For private companies, the “same control” exemption is harder to establish because the control chain must be traced through multiple layers of BVI, Cayman, and Hong Kong holding vehicles. HKEX Listing Decision LD121-2024 sets out the disclosure requirements: the prospectus must include a diagram showing the pre- and post-restructuring control chain, with shareholding percentages at each level, and a legal opinion from PRC counsel confirming that the transaction falls within the Article 11 exemption. As of June 2025, no private company red-chip issuer has successfully used the “same control” exemption without also relying on the 10-13 rule as a fallback.

The WFOE Step: Why the Asset-Swap Must Be a Share Exchange, Not a Cash Sale

Both the 10-13 rule and the “same control” exemption require that the consideration for the asset-swap be shares of the offshore SPV, not cash. Article 2 of Circular 10 defines the transaction as one where the offshore SPV “acquires shares of the domestic enterprise in exchange for its own shares.” If the offshore SPV pays cash — even if the cash is subsequently reinvested in the offshore SPV — the transaction becomes a “foreign acquisition of a domestic enterprise” under the MOFCOM-Foreign Investment Law regime, triggering a full approval process.

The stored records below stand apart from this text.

(* Let $f$ be an integer-valued function on the nonnegative integers such that $f(k)\ge 2 f(k-1) - 1$ for each $k\ge 1$ and $f(1)\ge 1$. If $M$ is a matroid with $\epsilon(M)\ge f(r(M))$ and $r(M)\ge 1$, then there is a round restriction $N$ of $M$ such that $\epsilon(N)\ge f(r(N))$ and $r(N)\ge 1$.
   Context: A matroid $M$ is round if $E(M)$ cannot be partitioned into two sets each of rank less than $r(M)$. A point is a rank-$1$ flat and $\epsilon(M)$ is the number of points of $M$. *)

theory Defs
  imports Main
begin

definition matroid :: "'a set \<Rightarrow> ('a set \<Rightarrow> bool) \<Rightarrow> bool" where
  "matroid E indep \<longleftrightarrow> finite E \<and> (\<forall>I. indep I \<longrightarrow> I \<subseteq> E) \<and> indep {} \<and>
     (\<forall>I J. indep J \<and> I \<subseteq> J \<longrightarrow> indep I) \<and>
     (\<forall>I J. indep I \<and> indep J \<and> card I < card J \<longrightarrow> (\<exists>e\<in>J - I. indep (insert e I)))"

definition mrank :: "('a set \<Rightarrow> bool) \<Rightarrow> 'a set \<Rightarrow> nat" where
  "mrank indep X = Max {card I | I. I \<subseteq> X \<and> indep I}"

definition restr :: "('a set \<Rightarrow> bool) \<Rightarrow> 'a set \<Rightarrow> 'a set \<Rightarrow> bool" where
  "restr indep X = (\<lambda>I. indep I \<and> I \<subseteq> X)"

definition flat :: "'a set \<Rightarrow> ('a set \<Rightarrow> bool) \<Rightarrow> 'a set \<Rightarrow> bool" where
  "flat E indep F \<longleftrightarrow> F \<subseteq> E \<and> (\<forall>e \<in> E - F. mrank indep (insert e F) > mrank indep F)"

definition num_points :: "'a set \<Rightarrow> ('a set \<Rightarrow> bool) \<Rightarrow> nat" where
  "num_points E indep = card {F. flat E indep F \<and> mrank indep F = 1}"

definition round :: "'a set \<Rightarrow> ('a set \<Rightarrow> bool) \<Rightarrow> bool" where
  "round E indep \<longleftrightarrow> (\<forall>A B. A \<union> B = E \<longrightarrow> A \<inter> B = {} \<longrightarrow>
      mrank indep A = mrank indep E \<or> mrank indep B = mrank indep E)"

end

theory Submission
  imports Defs
begin

text \<open>Induct on the rank. If \<open>M\<close> is not round, split \<open>E = A \<union> B\<close> with \<open>r(A), r(B) < r(M)\<close>;
  subadditivity of rank forces \<open>r(A), r(B) \<ge> 1\<close>. Every point of \<open>M\<close> contains a nonloop lying in
  \<open>A\<close> or in \<open>B\<close>, and intersecting with \<open>A\<close> (resp. \<open>B\<close>) maps such points injectively to points
  of \<open>M|A\<close> (resp. \<open>M|B\<close>), so \<open>\<epsilon>(M) \<le> \<epsilon>(M|A) + \<epsilon>(M|B)\<close>. The hypotheses make \<open>f\<close>
  nondecreasing, so \<open>\<epsilon>(M|A) < f(r(A))\<close> and \<open>\<epsilon>(M|B) < f(r(B))\<close> would give
  \<open>\<epsilon>(M) \<le> 2 f(r(M) - 1) - 2 < f(r(M))\<close>; hence one side satisfies the hypothesis and the
  induction hypothesis applies to it.\<close>

lemma matroid_finite: "matroid E indep \<Longrightarrow> finite E"
  by (simp add: matroid_def)

lemma matroid_indep_subset: "matroid E indep \<Longrightarrow> indep I \<Longrightarrow> I \<subseteq> E"
  by (simp add: matroid_def)

lemma matroid_indep_empty: "matroid E indep \<Longrightarrow> indep {}"
  by (simp add: matroid_def)

lemma matroid_indep_subset_indep: "matroid E indep \<Longrightarrow> indep J \<Longrightarrow> I \<subseteq> J \<Longrightarrow> indep I"
  unfolding matroid_def by blast

lemma matroid_augment:
  "matroid E indep \<Longrightarrow> indep I \<Longrightarrow> indep J \<Longrightarrow> card I < card J \<Longrightarrow> \<exists>e\<in>J - I. indep (insert e I)"
  unfolding matroid_def by blast

lemma finite_indep_cards:
  assumes "matroid E indep"
  shows "finite {card I | I. I \<subseteq> X \<and> indep I}"
proof -
  have "{card I | I. I \<subseteq> X \<and> indep I} \<subseteq> {..card E}"
    using assms matroid_finite matroid_indep_subset by (fastforce intro: card_mono)
  then show ?thesis
    using finite_subset by blast
qed

lemma card_le_mrank:
  assumes "matroid E indep" "I \<subseteq> X" "indep I"
  shows "card I \<le> mrank indep X"
  unfolding mrank_def using assms by (intro Max_ge[OF finite_indep_cards[OF assms(1)]]) blast

lemma mrank_attained:
  assumes "matroid E indep"
  obtains I where "I \<subseteq> X" "indep I" "card I = mrank indep X"
proof -
  have "0 \<in> {card I | I. I \<subseteq> X \<and> indep I}"
    unfolding mem_Collect_eq by (rule exI[of _ "{}"]) (simp add: matroid_indep_empty[OF assms])
  then have "mrank indep X \<in> {card I | I. I \<subseteq> X \<and> indep I}"
    unfolding mrank_def using Max_in[OF finite_indep_cards[OF assms]] by blast
  then show ?thesis
    using that by (auto simp del: card_eq_0_iff)
qed

lemma mrank_mono:
  assumes "matroid E indep" "X \<subseteq> Y"
  shows "mrank indep X \<le> mrank indep Y"
proof -
  obtain I where "I \<subseteq> X" "indep I" "card I = mrank indep X"
    using mrank_attained[OF assms(1)] .
  then show ?thesis
    using card_le_mrank[OF assms(1), of I Y] assms(2) by auto
qed

lemma mrank_Un_le:
  assumes m: "matroid E indep"
  shows "mrank indep (A \<union> B) \<le> mrank indep A + mrank indep B"
proof -
  obtain I where I: "I \<subseteq> A \<union> B" "indep I" "card I = mrank indep (A \<union> B)"
    using mrank_attained[OF m] .
  have "card I \<le> card (I \<inter> A) + card (I \<inter> B)"
    using I(1) card_Un_le[of "I \<inter> A" "I \<inter> B"] by (simp add: Int_Un_distrib[symmetric] Int_absorb2)
  also have "\<dots> \<le> mrank indep A + mrank indep B"
    using card_le_mrank[OF m] matroid_indep_subset_indep[OF m I(2)] by (intro add_mono) auto
  finally show ?thesis
    using I(3) by simp
qed

lemma mrank_restr: "mrank (restr indep A) Y = mrank indep (Y \<inter> A)"
proof -
  have "{card I | I. I \<subseteq> Y \<and> restr indep A I} = {card I | I. I \<subseteq> Y \<inter> A \<and> indep I}"
    unfolding restr_def by auto
  then show ?thesis
    unfolding mrank_def by simp
qed

lemma restr_restr: "X \<subseteq> A \<Longrightarrow> restr (restr indep A) X = restr indep X"
  unfolding restr_def by auto

lemma restr_ground: "matroid E indep \<Longrightarrow> restr indep E = indep"
  unfolding restr_def using matroid_indep_subset by fastforce

lemma matroid_restr:
  assumes m: "matroid E indep" and "A \<subseteq> E"
  shows "matroid A (restr indep A)"
proof -
  have "finite A"
    using assms matroid_finite finite_subset by blast
  moreover have "\<exists>e\<in>J - I. restr indep A (insert e I)"
    if "restr indep A I" "restr indep A J" "card I < card J" for I J
    using matroid_augment[OF m] that unfolding restr_def by blast
  moreover have "restr indep A {}"
    unfolding restr_def using matroid_indep_empty[OF m] by simp
  moreover have "restr indep A I" if "restr indep A J" "I \<subseteq> J" for I J
    using that matroid_indep_subset_indep[OF m] unfolding restr_def by blast
  moreover have "I \<subseteq> A" if "restr indep A I" for I
    using that unfolding restr_def by blast
  ultimately show ?thesis
    unfolding matroid_def by blast
qed

definition points :: "'a set \<Rightarrow> ('a set \<Rightarrow> bool) \<Rightarrow> 'a set set" where
  "points E indep = {F. flat E indep F \<and> mrank indep F = 1}"

lemma num_points_eq_card_points: "num_points E indep = card (points E indep)"
  by (simp add: num_points_def points_def)

lemma finite_points:
  assumes "finite E"
  shows "finite (points E indep)"
proof -
  have "points E indep \<subseteq> Pow E"
    unfolding points_def flat_def by auto
  then show ?thesis
    using assms by (meson finite_Pow_iff finite_subset)
qed

lemma point_has_nonloop:
  assumes m: "matroid E indep" and "mrank indep P = 1"
  obtains x where "x \<in> P" "indep {x}"
proof -
  obtain I where I: "I \<subseteq> P" "indep I" "card I = mrank indep P"
    by (rule mrank_attained[OF m])
  then obtain x where "I = {x}"
    using assms(2) card_1_singletonE by metis
  then show ?thesis
    using I that by auto
qed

In the 2024 restructuring of a Hangzhou-based e-commerce company, the sponsor initially structured the asset-swap as a cash purchase followed by a capital injection into the offshore SPV. PRC counsel advised that this structure violated Circular 10 because the consideration was not shares. The restructuring was unwound and re-executed as a share-for-share exchange, with the domestic company’s shareholders receiving shares in the Cayman parent directly. The CSRC filing was accepted, and the HKEX listing application was refiled without delay.

The share-for-share requirement also has tax implications. Under PRC Corporate Income Tax Law, a share-for-share exchange may qualify for tax deferral under the “special tax treatment” provisions of Caishui [2009] No. 59, provided that the transaction has a “reasonable business purpose” and the shareholders hold the offshore SPV shares for at least 12 months. All 47 red-chip prospectuses reviewed for this article disclosed reliance on Caishui No. 59 deferral, with the tax opinion from a PRC registered tax firm included in the listing application.

The H-Share Alternative: Bypassing Circular 10 Entirely

For issuers that cannot satisfy the 10-13 rule or the “same control” exemption — typically because the PRC resident shareholder count exceeds 10 or the restructuring involves third-party investors — the H-share structure offers a complete bypass of Circular 10. In an H-share listing, the PRC incorporated company (the “issuer”) lists its shares directly on HKEX without creating an offshore SPV. Because no asset-swap occurs, Circular 10 does not apply.

The CSRC’s 2023 Filing Measures explicitly distinguish between H-share and red-chip structures. For H-share issuers, the filing requirement is limited to a “registration of overseas listing” (《境外上市备案》), which has a statutory processing time of 20 working days. For red-chip issuers, the filing requirement includes both the overseas listing registration and a separate “Circular 10 compliance filing” (《并购安全审查》), which has no statutory timeline. As of June 2025, the CSRC has processed 143 H-share filings with an average processing time of 18 working days, compared to 97 red-chip filings with an average processing time of 67 working days, according to CSRC public data.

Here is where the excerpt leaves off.